lemma card_two_star: "two_star S \<Longrightarrow> card S = 2"
  unfolding two_star_def by (auto simp: doubleton_eq_iff)

lemma card_Union_star_packing:
  assumes "star_packing B" and "finite (\<Union>B)"
  shows "card (\<Union>B) = 2 * card B"
proof -
  have "card (\<Union>B) = sum card B"
    using assms by (intro card_Union_disjoint) (auto simp: star_packing_def intro: finite_subset)
  also have "\<dots> = (\<Sum>S\<in>B. 2)"
    using assms(1) by (intro sum.cong) (auto simp: star_packing_def card_two_star)
  finally show ?thesis
    using assms(2) finite_UnionD by fastforce
qed

lemma complete_edges_eq: "complete_edges V = {e. e \<subseteq> V \<and> card e = 2}"
  unfolding complete_edges_def by (auto simp: card_2_iff)

lemma finite_complete_edges: "finite V \<Longrightarrow> finite (complete_edges V)"
  unfolding complete_edges_eq by (rule finite_subset[of _ "Pow V"]) auto

lemma card_complete_edges: "finite V \<Longrightarrow> card (complete_edges V) = card V choose 2"
  unfolding complete_edges_eq by (rule n_subsets)

lemma star_decomposition_of_even_pencil:
  assumes "finite E" and "even (card E)" and "\<And>e. e \<in> E \<Longrightarrow> \<exists>a. a \<noteq> v \<and> e = {v, a}"
  shows "\<exists>B. star_packing B \<and> \<Union>B = E"
  using assms
proof (induction "card E" arbitrary: E rule: less_induct)
  case less
  show ?case
  proof (cases "E = {}")
    case True
    then show ?thesis by (intro exI[of _ "{}"]) simp
  next
    case False
    with less.prems(1,2) have "\<not> card E \<le> Suc 0"
      by (auto simp: le_Suc_eq)
    then obtain e1 e2 where e12: "e1 \<in> E" "e2 \<in> E" "e1 \<noteq> e2"
      using card_le_Suc0_iff_eq[OF less.prems(1)] by blast
    then obtain a b where ab: "a \<noteq> v" "e1 = {v, a}" "b \<noteq> v" "e2 = {v, b}" "a \<noteq> b"
      using less.prems(3)[OF e12(1)] less.prems(3)[OF e12(2)] by blast
    let ?S = "{e1, e2}"
    have "two_star ?S"
      unfolding two_star_def using ab by (intro exI[of _ a] exI[of _ b] exI[of _ v]) auto
    have "card (E - ?S) = card E - 2"
      using e12 less.prems(1) by (subst card_Diff_subset) auto
    then obtain B where B: "star_packing B" "\<Union>B = E - ?S"
      using less.hyps[of "E - ?S"] less.prems e12 False by (auto simp: card_gt_0_iff)
    have "star_packing ({?S} \<union> B)"
      using B \<open>two_star ?S\<close> by (intro star_packing_union) (auto simp: star_packing_def)
    moreover have "\<Union>({?S} \<union> B) = E"
      using B e12 by auto
    ultimately show ?thesis by blast
  qed
qed

fun later_adjacent :: "'a set set \<Rightarrow> 'a list \<Rightarrow> bool" where
  "later_adjacent G [] \<longleftrightarrow> True"
| "later_adjacent G (v # vs) \<longleftrightarrow>
     (vs \<noteq> [] \<longrightarrow> (\<exists>p\<in>set vs. {v, p} \<in> G)) \<and> later_adjacent G vs"

lemma later_adjacent_mono:
  "later_adjacent G vs \<Longrightarrow>
   (\<And>x y. x \<in> set vs \<Longrightarrow> y \<in> set vs \<Longrightarrow> {x, y} \<in> G \<Longrightarrow> {x, y} \<in> G') \<Longrightarrow>
   later_adjacent G' vs"
  by (induction vs) fastforce+

lemma star_decomposition_along_later_adjacent:
  assumes "distinct vs" and "finite G" and "G \<subseteq> complete_edges V"
    and "\<forall>e\<in>G. e \<inter> set vs \<noteq> {}" and "later_adjacent G vs" and "even (card G)"
  shows "\<exists>B. star_packing B \<and> \<Union>B = G"
  using assms
proof (induction vs arbitrary: G)
  case Nil
  then show ?case by (intro exI[of _ "{}"]) auto
next
  case (Cons v vs)
  define Gv where "Gv = {e\<in>G. v \<in> e}"
  have "finite Gv" using Cons.prems(2) by (simp add: Gv_def)
  have Gv_pencil: "\<exists>a. a \<noteq> v \<and> e = {v, a}" if "e \<in> Gv" for e
    using that Cons.prems(3) by (auto simp: Gv_def complete_edges_def)
  obtain E where E: "E \<subseteq> Gv" "even (card E)" "\<forall>e\<in>Gv - E. e \<inter> set vs \<noteq> {}"
  proof (cases "even (card Gv)")
    case True
    then show ?thesis using that[of Gv] by blast
  next
    case False
    have "G \<noteq> Gv" using False Cons.prems(6) by blast
    then have "vs \<noteq> []" using Cons.prems(4) by (auto simp: Gv_def)
    then obtain p where p: "p \<in> set vs" "{v, p} \<in> Gv" using Cons.prems(5) by (auto simp: Gv_def)
    have "even (card (Gv - {{v, p}}))"
      using False p(2) \<open>finite Gv\<close> by (simp add: card_Diff_singleton)
    then show ?thesis using that[of "Gv - {{v, p}}"] p(1) by auto
  qed
  have "finite E" using E(1) \<open>finite Gv\<close> finite_subset by blast
  have "\<exists>a. a \<noteq> v \<and> e = {v, a}" if "e \<in> E" for e
    using Gv_pencil E(1) that by blast
  then obtain BE where BE: "star_packing BE" "\<Union>BE = E"
    using star_decomposition_of_even_pencil[OF \<open>finite E\<close> E(2)] by blast
  have "v \<notin> set vs" using Cons.prems(1) by simp
  have EG: "E \<subseteq> G" using E(1) unfolding Gv_def by blast
  have "\<exists>B. star_packing B \<and> \<Union>B = G - E"
  proof (rule Cons.IH)
    show "\<forall>e\<in>G - E. e \<inter> set vs \<noteq> {}"
      using E(3) Cons.prems(4) by (fastforce simp: Gv_def)
    show "later_adjacent (G - E) vs"
    proof (rule later_adjacent_mono)
      show "later_adjacent G vs" using Cons.prems(5) by simp
      show "{x, y} \<in> G - E" if "x \<in> set vs" "y \<in> set vs" "{x, y} \<in> G" for x y
        using that E(1) \<open>v \<notin> set vs\<close> by (auto simp: Gv_def)
    qed
    show "even (card (G - E))"
      using EG E(2) Cons.prems(2,6) by (simp add: card_Diff_subset finite_subset)
  qed (use Cons.prems in \<open>auto intro: finite_subset\<close>)
  then obtain B where B: "star_packing B" "\<Union>B = G - E" by blast
  have "star_packing (BE \<union> B)" using BE B by (intro star_packing_union) auto
  moreover have "\<Union>(BE \<union> B) = G" using BE B EG by auto
  ultimately show ?case by blast
qed

lemma later_adjacent_order_exists:
  assumes "finite W" and "W \<noteq> {}"
    and crossing: "\<And>S. S \<noteq> {} \<Longrightarrow> S \<subset> W \<Longrightarrow> \<exists>s\<in>S. \<exists>u\<in>W - S. {u, s} \<in> G"
  shows "\<exists>vs. distinct vs \<and> set vs = W \<and> later_adjacent G vs"
proof -
  have extend: "\<exists>ws. distinct ws \<and> set ws = W \<and> later_adjacent G ws"
    if "vs \<noteq> []" "distinct vs" "set vs \<subseteq> W" "later_adjacent G vs" for vs
    using that
  proof (induction "card (W - set vs)" arbitrary: vs rule: less_induct)
    case less
    show ?case
    proof (cases "set vs = W")
      case True
      with less.prems show ?thesis by blast
    next
      case False
      then obtain s u where su: "s \<in> set vs" "u \<in> W - set vs" "{u, s} \<in> G"
        using crossing[of "set vs"] less.prems by auto
      have "card (W - set (u # vs)) < card (W - set vs)"
        using su(2) \<open>finite W\<close> by (intro psubset_card_mono) auto
      moreover have "later_adjacent G (u # vs)"
        using su less.prems(4) by auto
      ultimately show ?thesis
        using less.hyps[of "u # vs"] less.prems su(2) by auto
    qed
  qed
  obtain r where "r \<in> W" using \<open>W \<noteq> {}\<close> by blast
  then show ?thesis by (intro extend[of "[r]"]) auto
qed

text \<open>The vertex set of a graph given by its edge set \<open>G\<close> is taken to be \<open>\<Union>G\<close>.\<close>

definition connected_graph :: "'a set set \<Rightarrow> bool" where
  "connected_graph G \<longleftrightarrow>
     (\<forall>S. S \<noteq> {} \<longrightarrow> S \<subset> \<Union>G \<longrightarrow> (\<exists>s\<in>S. \<exists>u\<in>\<Union>G - S. {u, s} \<in> G))"

lemma star_decomposition_of_connected_even_graph:
  assumes "finite G" and "G \<subseteq> complete_edges V"
    and "connected_graph G" and "even (card G)"
  shows "\<exists>B. star_packing B \<and> \<Union>B = G"
proof (cases "G = {}")
  case True
  then show ?thesis by (intro exI[of _ "{}"]) simp
next
  case False
  have "finite (\<Union>G)" and "\<Union>G \<noteq> {}"
    using assms(1,2) False by (fastforce simp: complete_edges_def)+
  then obtain vs where vs: "distinct vs" "set vs = \<Union>G" "later_adjacent G vs"
    using later_adjacent_order_exists[of "\<Union>G" G] assms(3)
    by (auto simp: connected_graph_def)
  have "\<forall>e\<in>G. e \<inter> set vs \<noteq> {}"
  proof
    fix e assume "e \<in> G"
    then have "e \<noteq> {}" using assms(2) by (auto simp: complete_edges_def)
    with \<open>e \<in> G\<close> vs(2) show "e \<inter> set vs \<noteq> {}" by blast
  qed
  then show ?thesis
    using star_decomposition_along_later_adjacent[OF vs(1) assms(1,2) _ vs(3) assms(4)] by blast
qed
(* Let $N\ge2$, $\alpha,\beta>-1$, let $x_0<\dots<x_N$ be the JGL nodes with Lagrange basis $h_0,\dots,h_N$, and let $\mu\in(k-1,k)$ with $k\in\{1,2\}$. Suppose $\hat Q_j^\mu\in\mathcal P_N$, $1\le j\le N+1-k$, satisfy ${}^R\hat D_-^\mu\hat Q_j^\mu(x_i)=\delta_{ij}$ for $1\le i\le N+1-k$, together with $\hat Q_j^\mu(-1)=0$ if $k=1$ and $\hat Q_j^\mu(\pm1)=0$ if $k=2$. Let $\hat{\mathbf Q}^{(\mu)}_{lj}=\hat Q_j^\mu(x_l)$ and ${}^R\hat{\mathbf D}^{(\mu)}_{{\rm in},ij}=({}^R\hat D_-^\mu h_j)(x_i)$ for $1\le l,i,j\le N+1-k$. Then $$ \hat{\mathbf Q}^{(\mu)}\,{}^R\hat{\mathbf D}^{(\mu)}_{\rm in}={}^R\hat{\mathbf D}^{(\mu)}_{\rm in}\,\hat{\mathbf Q}^{(\mu)}=\mathbf I_{N+1-k}. $$
   Context: For $\rho>0$, $(I_-^\rho u)(x)=\frac{1}{\Gamma(\rho)}\int_{-1}^x (x-y)^{\rho-1}u(y)\,dy$, $D^k=d^k/dx^k$; for $\mu\in(k-1,k)$ the Riemann–Liouville derivative is ${}^R D_-^\mu u=D^k(I_-^{k-\mu}u)$, and the modified Riemann–Liouville derivative is ${}^R\hat D_-^\mu u=(1+x)^\mu\,{}^R D_-^\mu u$ (for polynomial $u$ this is a polynomial, evaluated also at $x=-1$). The JGL nodes $x_0<\dots<x_N$ are the zeros of $(1-x^2)\frac{d}{dx}P_N^{(\alpha,\beta)}(x)$ (Jacobi polynomial, Szegő normalization), with $x_0=-1$, $x_N=1$; $h_j\in\mathcal P_N$ satisfies $h_j(x_i)=\delta_{ij}$. $\mathbf I_m$ is the $m\times m$ identity. *)

theory Defs
  imports "HOL-Analysis.Analysis" "HOL-Computational_Algebra.Polynomial"
begin

text \<open>Jacobi polynomial in Szego normalization:
  P_N^(a,b)(x) = sum_{m=0}^N binom(N+a,N-m) binom(N+b,m) ((x-1)/2)^m ((x+1)/2)^(N-m).\<close>
definition jacobi_poly :: "real \<Rightarrow> real \<Rightarrow> nat \<Rightarrow> real poly" where
  "jacobi_poly a b N =
     (\<Sum>m\<le>N. smult (((real N + a) gchoose (N - m)) * ((real N + b) gchoose m))
                 ([:-1/2, 1/2:] ^ m * [:1/2, 1/2:] ^ (N - m)))"

text \<open>The JGL nodes are the zeros of (1 - x^2) times the derivative of P_N^(a,b).\<close>
definition JGL_poly :: "real \<Rightarrow> real \<Rightarrow> nat \<Rightarrow> real poly" where
  "JGL_poly a b N = [:1, 0, -1:] * pderiv (jacobi_poly a b N)"

definition RL_integral :: "real \<Rightarrow> (real \<Rightarrow> real) \<Rightarrow> real \<Rightarrow> real" where
  "RL_integral \<rho> u x = (1 / Gamma \<rho>) * integral {-1..x} (\<lambda>y. (x - y) powr (\<rho> - 1) * u y)"

definition RL_deriv :: "real \<Rightarrow> (real \<Rightarrow> real) \<Rightarrow> real \<Rightarrow> real" where
  "RL_deriv \<mu> u x = (let k = nat \<lceil>\<mu>\<rceil> in (deriv ^^ k) (RL_integral (real k - \<mu>) u) x)"
lemma transform_lin_terms:
  shows "1 \<le> L \<Longrightarrow> transform t L (monom 1 1 * lin_poly t (L - 1)) = Qpoly t * lin_transform t (L - 1)"
    and "t + 1 \<le> L \<Longrightarrow>
      transform t L (lin_poly t (L - t - 1)) = monom 1 ((t + 1) * t) * lin_transform t (L - t - 1)"
proof -
  assume "1 \<le> L"
  then show "transform t L (monom 1 1 * lin_poly t (L - 1)) = Qpoly t * lin_transform t (L - 1)"
    using transform_X_mult[of t "L - 1"] unfolding lin_transform_def by simp
next
  assume "t + 1 \<le> L"
  then show "transform t L (lin_poly t (L - t - 1)) = monom 1 ((t + 1) * t) * lin_transform t (L - t - 1)"
    unfolding lin_transform_def by (rule transform_lower) (simp add: lin_poly_degree)
qed

lemma lin_transform_rec:
  assumes "1 \<le> L"
  shows "lin_transform t L = Qpoly t * lin_transform t (L - 1)
    - (if t + 1 \<le> L then monom 1 ((t + 1) * t) * lin_transform t (L - t - 1) else 0)"
  unfolding lin_transform_def[of t L] lin_poly_rec[OF assms] transform_diff
  using transform_lin_terms assms by (simp add: transform_zero)

lemma cyc_transform_via_lin:
  assumes "1 \<le> m"
  shows "cyc_transform t m = Qpoly t * lin_transform t (m - 1)
    - (if t + 1 \<le> m then of_nat (t + 1) * (monom 1 ((t + 1) * t) * lin_transform t (m - t - 1)) else 0)"
  unfolding cyc_transform_def Tpoly_via_lin_poly[OF assms] using transform_lin_terms[where L = m and t = t] assms
  by (cases "t + 1 \<le> m") (simp_all only: if_True if_False transform_diff transform_of_nat_mult transform_zero)

(* Eliminating the path polynomials: V_m = Q V_(m-1) - X^(t(t+1)) V_(m-t-1), with the correction
   -t X^(t(t+1)) at m = t+1, where the cycle first has room for a t-path. *)
lemma cyc_transform_rec:
  assumes "1 \<le> m"
  shows "cyc_transform t m = Qpoly t * cyc_transform t (m - 1)
    - (if t + 1 \<le> m then monom 1 ((t + 1) * t) * cyc_transform t (m - t - 1) else 0)
    - (if m = t + 1 then of_nat t * monom 1 ((t + 1) * t) else 0)"
proof -
  consider "m \<le> t" | "m = t + 1" | "t + 2 \<le> m" by linarith
  then show ?thesis
  proof cases
    case 1
    then show ?thesis using assms by (simp add: cyc_transform_short power_eq_if)
  next
    case 2
    then have "cyc_transform t m = Qpoly t * Qpoly t ^ t - of_nat (t + 1) * monom 1 ((t + 1) * t)"
      using cyc_transform_via_lin[OF assms] by (simp add: lin_transform_short)
    moreover have "cyc_transform t (m - 1) = Qpoly t ^ t" "cyc_transform t (m - t - 1) = 1"
      using 2 by (simp_all add: cyc_transform_short)
    ultimately show ?thesis using 2 by (simp add: algebra_simps)
  next
    case 3
    let ?Z = "monom (1::int) ((t + 1) * t)" and ?V = "cyc_transform t" and ?P = "lin_transform t"
    define R where "R = (if t + 1 \<le> m - t - 1 then ?Z * ?P (m - 2 * t - 2) else 0)"
    have Vm: "?V m = Qpoly t * ?P (m - 1) - of_nat (t + 1) * (?Z * ?P (m - t - 1))"
      using cyc_transform_via_lin[OF assms] 3 by simp
    have Vm1: "?V (m - 1) = Qpoly t * ?P (m - 2) - of_nat (t + 1) * (?Z * ?P (m - t - 2))"
      using cyc_transform_via_lin[of "m - 1" t] 3 by (simp add: numeral_2_eq_2)
    have Vmt1: "?V (m - t - 1) = Qpoly t * ?P (m - t - 2) - of_nat (t + 1) * R"
      using cyc_transform_via_lin[of "m - t - 1" t] 3 unfolding R_def by (simp add: numeral_2_eq_2)
    have Pm1: "?P (m - 1) = Qpoly t * ?P (m - 2) - ?Z * ?P (m - t - 2)"
      using lin_transform_rec[of "m - 1" t] 3 by (simp add: numeral_2_eq_2)
    have Pmt1: "?P (m - t - 1) = Qpoly t * ?P (m - t - 2) - R"
      using lin_transform_rec[of "m - t - 1" t] 3 unfolding R_def by (simp add: numeral_2_eq_2)
    show ?thesis using 3 unfolding Vm Vm1 Vmt1 Pm1 Pmt1 by (simp add: algebra_simps)
  qed
qed

definition excess :: "nat \<Rightarrow> nat \<Rightarrow> int poly" where
  "excess t m = cyc_transform t m - monom 1 ((t + 1) * m)"

lemma excess_0: "excess t 0 = 0"
  unfolding excess_def by (simp add: cyc_transform_short)

lemma excess_step:
  assumes "1 \<le> m"
  shows "excess t m = (1 + monom 1 (t + 1)) * excess t (m - 1) - monom 1 ((t + 1) * t) * excess t (m - 1 - t)
    + (if m \<le> t then monom 1 ((t + 1) * (m - 1)) else 0)
    - (if m = t + 1 then of_nat t * monom 1 ((t + 1) * t) else 0)"
proof -
  have V: "cyc_transform t k = excess t k + monom 1 ((t + 1) * k)" for k
    unfolding excess_def by simp
  have "(t + 1) + (t + 1) * (m - 1) = (t + 1) * m" using assms by (cases m) auto
  then have up: "monom (1::int) (t + 1) * monom 1 ((t + 1) * (m - 1)) = monom 1 ((t + 1) * m)"
    by (simp only: mult_monom mult_1)
  show ?thesis
  proof (cases "t + 1 \<le> m")
    case True
    have "t + (m - t - 1) = m - 1" using True by simp
    then have "(t + 1) * t + (t + 1) * (m - t - 1) = (t + 1) * (m - 1)"
      by (metis add_mult_distrib2)
    then have "monom (1::int) ((t + 1) * t) * monom 1 ((t + 1) * (m - t - 1)) = monom 1 ((t + 1) * (m - 1))"
      by (simp only: mult_monom mult_1)
    then show ?thesis
      using cyc_transform_rec[OF assms, of t] True up unfolding V by (simp add: algebra_simps)
  next
    case False
    then have "m - 1 - t = 0" by simp
    then show ?thesis
      using cyc_transform_rec[OF assms, of t] False up unfolding V by (simp add: algebra_simps excess_0)
  qed
qed

definition window_sum :: "nat \<Rightarrow> nat \<Rightarrow> int poly" where
  "window_sum t m = (\<Sum>i<t. monom 1 ((t + 1) * i) * excess t (m - 1 - i))"

definition boundary_term :: "nat \<Rightarrow> nat \<Rightarrow> int poly" where
  "boundary_term t m = (if m \<le> t then monom (int m) ((t + 1) * (m - 1)) else 0)"

lemma window_sum_shift:
  "window_sum t (Suc m) + monom 1 ((t + 1) * t) * excess t (m - t) = excess t m + monom 1 (t + 1) * window_sum t m"
proof -
  let ?g = "\<lambda>i. monom (1::int) ((t + 1) * i) * excess t (m - i)"
  have "window_sum t (Suc m) + ?g t = sum ?g {..<Suc t}" unfolding window_sum_def by simp
  also have "\<dots> = ?g 0 + (\<Sum>i<t. ?g (Suc i))" by (rule sum.lessThan_Suc_shift)
  also have "(\<Sum>i<t. ?g (Suc i)) = monom 1 (t + 1) * window_sum t m"
    unfolding window_sum_def sum_distrib_left
    by (intro sum.cong refl) (simp add: mult_monom mult.assoc)
  finally show ?thesis by simp
qed

lemma boundary_term_step:
  assumes "1 \<le> m"
  shows "monom 1 (t + 1) * boundary_term t (m - 1) + (if m \<le> t then monom 1 ((t + 1) * (m - 1)) else 0)
    - (if m = t + 1 then of_nat t * monom 1 ((t + 1) * t) else 0) = boundary_term t m"
proof -
  consider "m = 1" | "2 \<le> m" "m \<le> t" | "m = t + 1" "2 \<le> m" | "t + 2 \<le> m" using assms by linarith
  then show ?thesis
  proof cases
    case 2
    then have "m - 1 = Suc (m - 2)" by simp
    then have "(t + 1) + (t + 1) * (m - 2) = (t + 1) * (m - 1)" by (metis mult_Suc_right)
    then have "monom (1::int) (t + 1) * monom (int (m - 1)) ((t + 1) * (m - 1 - 1))
        = monom (int (m - 1)) ((t + 1) * (m - 1))" by (simp add: mult_monom numeral_2_eq_2)
    moreover have "int (m - 1) + 1 = int m" using 2 by simp
    then have "monom (int (m - 1)) ((t + 1) * (m - 1)) + monom 1 ((t + 1) * (m - 1))
        = monom (int m) ((t + 1) * (m - 1))" by (simp only: add_monom)
    moreover have "m - 1 \<le> t" using 2 by simp
    ultimately show ?thesis using 2 unfolding boundary_term_def by simp
  next
    case 3
    then have "(t + 1) + (t + 1) * (t - 1) = (t + 1) * t" by (cases t) auto
    then show ?thesis using 3 unfolding boundary_term_def by (simp add: mult_monom of_nat_monom)
  qed (auto simp: boundary_term_def)
qed

lemma excess_window: "excess t m = window_sum t m + boundary_term t m"
proof (induction m)
  case 0
  show ?case unfolding window_sum_def boundary_term_def by (simp add: excess_0)
next
  case (Suc m)
  define C where "C = (if Suc m \<le> t then monom 1 ((t + 1) * m) else 0)
      - (if Suc m = t + 1 then of_nat t * monom (1::int) ((t + 1) * t) else 0)"
  have "excess t (Suc m) = excess t m + monom 1 (t + 1) * excess t m
      - monom 1 ((t + 1) * t) * excess t (m - t) + C"
    using excess_step[of "Suc m" t] unfolding C_def by (simp add: algebra_simps)
  also have "\<dots> = (excess t m + monom 1 (t + 1) * window_sum t m - monom 1 ((t + 1) * t) * excess t (m - t))
      + (monom 1 (t + 1) * boundary_term t m + C)"
    unfolding Suc.IH by (simp add: algebra_simps)
  also have "\<dots> = window_sum t (Suc m) + boundary_term t (Suc m)"
  proof -
    have "excess t m + monom 1 (t + 1) * window_sum t m - monom 1 ((t + 1) * t) * excess t (m - t)
        = window_sum t (Suc m)" using window_sum_shift[of t m] by (simp add: algebra_simps)
    moreover have "monom 1 (t + 1) * boundary_term t m + C = boundary_term t (Suc m)"
      using boundary_term_step[of "Suc m" t] unfolding C_def by (simp only: diff_Suc_1 add_diff_eq)
    ultimately show ?thesis by simp
  qed
  finally show ?case .
qed

lemma excess_coeff:
  "coeff (excess t m) d = (\<Sum>i<t. if (t + 1) * i \<le> d then coeff (excess t (m - 1 - i)) (d - (t + 1) * i) else 0)
    + (if m \<le> t \<and> d = (t + 1) * (m - 1) then int m else 0)"
  unfolding excess_window[of t m] window_sum_def boundary_term_def coeff_add coeff_sum
proof (intro arg_cong2[where f = "(+)"] sum.cong refl)
  fix i
  show "coeff (monom 1 ((t + 1) * i) * excess t (m - 1 - i)) d
      = (if (t + 1) * i \<le> d then coeff (excess t (m - 1 - i)) (d - (t + 1) * i) else 0)"
    by (simp add: coeff_monom_mult not_less)
qed auto

lemma succ_times_below_square:
  fixes i t :: nat
  assumes "i < t"
  shows "(t + 1) * i + 1 \<le> t * t"
proof -
  from assms have "i + 1 \<le> t" by simp
  then have "(t + 1) * (i + 1) \<le> (t + 1) * t" by (rule mult_le_mono2)
  then show ?thesis by (simp add: algebra_simps)
qed

lemma window_support_arith:
  fixes t e j i :: nat
  assumes "t * e + j \<le> t * t * j"
  shows "t * (e + (t + 1) * i) + (j + 1 + i) + t * t \<le> t * t * (j + 1 + i) + (t + 1) * i + 1"
  using assms by (simp add: algebra_simps)

lemma excess_support: "coeff (excess t m) d \<noteq> 0 \<Longrightarrow> t * d + m \<le> t * t * m"
proof (induction m arbitrary: d rule: less_induct)
  case (less m d)
  let ?T = "\<lambda>i. if (t + 1) * i \<le> d then coeff (excess t (m - 1 - i)) (d - (t + 1) * i) else 0"
  have "sum ?T {..<t} \<noteq> 0 \<or> (m \<le> t \<and> d = (t + 1) * (m - 1) \<and> m \<noteq> 0)"
    using less.prems unfolding excess_coeff[of t m d] by (auto split: if_splits)
  then show ?case
  proof
    assume "sum ?T {..<t} \<noteq> 0"
    then obtain i where "i < t" "?T i \<noteq> 0" using sum.not_neutral_contains_not_neutral by blast
    then have di: "(t + 1) * i \<le> d" and c: "coeff (excess t (m - 1 - i)) (d - (t + 1) * i) \<noteq> 0"
      by (auto split: if_splits)
    then have "m - 1 - i \<noteq> 0" by (auto simp: excess_0)
    then have j: "m - 1 - i < m" "(m - 1 - i) + 1 + i = m" by auto
    have e: "d - (t + 1) * i + (t + 1) * i = d" using di by simp
    have "t * (d - (t + 1) * i + (t + 1) * i) + (m - 1 - i + 1 + i) + t * t
        \<le> t * t * (m - 1 - i + 1 + i) + (t + 1) * i + 1"
      by (rule window_support_arith[OF less.IH[OF j(1) c]])
    then show ?thesis using succ_times_below_square[OF \<open>i < t\<close>] unfolding e j(2) by linarith
  next
    assume b: "m \<le> t \<and> d = (t + 1) * (m - 1) \<and> m \<noteq> 0"
    then obtain k where k: "m = Suc k" "k < t" by (cases m) auto
    then have "(t + 1) * k + 1 \<le> t * t" by (intro succ_times_below_square)
    then show ?thesis using b k by (simp add: algebra_simps)
  qed
qed

lemma excess_coeff_zero:
  assumes "1 \<le> t"
  shows "1 \<le> n \<Longrightarrow> coeff (excess t n) 0 = 1"
proof (induction n)
  case (Suc n)
  have "(\<Sum>i<t. if (t + 1) * i \<le> 0 then coeff (excess t (n - i)) (0 - (t + 1) * i) else 0)
      = (\<Sum>i<t. if i = 0 then coeff (excess t n) 0 else 0)"
    by (intro sum.cong) auto
  also have "\<dots> = coeff (excess t n) 0" using assms by simp
  finally have "coeff (excess t (Suc n)) 0 = coeff (excess t n) 0 + (if n = 0 then 1 else 0)"
    unfolding excess_coeff[of t "Suc n" 0] using assms by auto
  then show ?case using Suc by (cases "n = 0") (auto simp: excess_0)
qed simp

● ● ● ● ● ● ●

#### WORK INSTRUCTION
Write out exactly the lines above from the line with "1) then int" through the line with "by (rule window_support_arith[OF", both of them included, and leave out all other lines.

#### THE COMPLETED TASK
    + (if m \<le> t \<and> d = (t + 1) * (m - 1) then int m else 0)"
  unfolding excess_window[of t m] window_sum_def boundary_term_def coeff_add coeff_sum
proof (intro arg_cong2[where f = "(+)"] sum.cong refl)
  fix i
  show "coeff (monom 1 ((t + 1) * i) * excess t (m - 1 - i)) d
      = (if (t + 1) * i \<le> d then coeff (excess t (m - 1 - i)) (d - (t + 1) * i) else 0)"
    by (simp add: coeff_monom_mult not_less)
qed auto

lemma succ_times_below_square:
  fixes i t :: nat
  assumes "i < t"
  shows "(t + 1) * i + 1 \<le> t * t"
proof -
  from assms have "i + 1 \<le> t" by simp
  then have "(t + 1) * (i + 1) \<le> (t + 1) * t" by (rule mult_le_mono2)
  then show ?thesis by (simp add: algebra_simps)
qed

lemma window_support_arith:
  fixes t e j i :: nat
  assumes "t * e + j \<le> t * t * j"
  shows "t * (e + (t + 1) * i) + (j + 1 + i) + t * t \<le> t * t * (j + 1 + i) + (t + 1) * i + 1"
  using assms by (simp add: algebra_simps)

lemma excess_support: "coeff (excess t m) d \<noteq> 0 \<Longrightarrow> t * d + m \<le> t * t * m"
proof (induction m arbitrary: d rule: less_induct)
  case (less m d)
  let ?T = "\<lambda>i. if (t + 1) * i \<le> d then coeff (excess t (m - 1 - i)) (d - (t + 1) * i) else 0"
  have "sum ?T {..<t} \<noteq> 0 \<or> (m \<le> t \<and> d = (t + 1) * (m - 1) \<and> m \<noteq> 0)"
    using less.prems unfolding excess_coeff[of t m d] by (auto split: if_splits)
  then show ?case
  proof
    assume "sum ?T {..<t} \<noteq> 0"
    then obtain i where "i < t" "?T i \<noteq> 0" using sum.not_neutral_contains_not_neutral by blast
    then have di: "(t + 1) * i \<le> d" and c: "coeff (excess t (m - 1 - i)) (d - (t + 1) * i) \<noteq> 0"
      by (auto split: if_splits)
    then have "m - 1 - i \<noteq> 0" by (auto simp: excess_0)
    then have j: "m - 1 - i < m" "(m - 1 - i) + 1 + i = m" by auto
    have e: "d - (t + 1) * i + (t + 1) * i = d" using di by simp
    have "t * (d - (t + 1) * i + (t + 1) * i) + (m - 1 - i + 1 + i) + t * t
        \<le> t * t * (m - 1 - i + 1 + i) + (t + 1) * i + 1"
      by (rule window_support_arith[OF less.IH[OF j(1) c]])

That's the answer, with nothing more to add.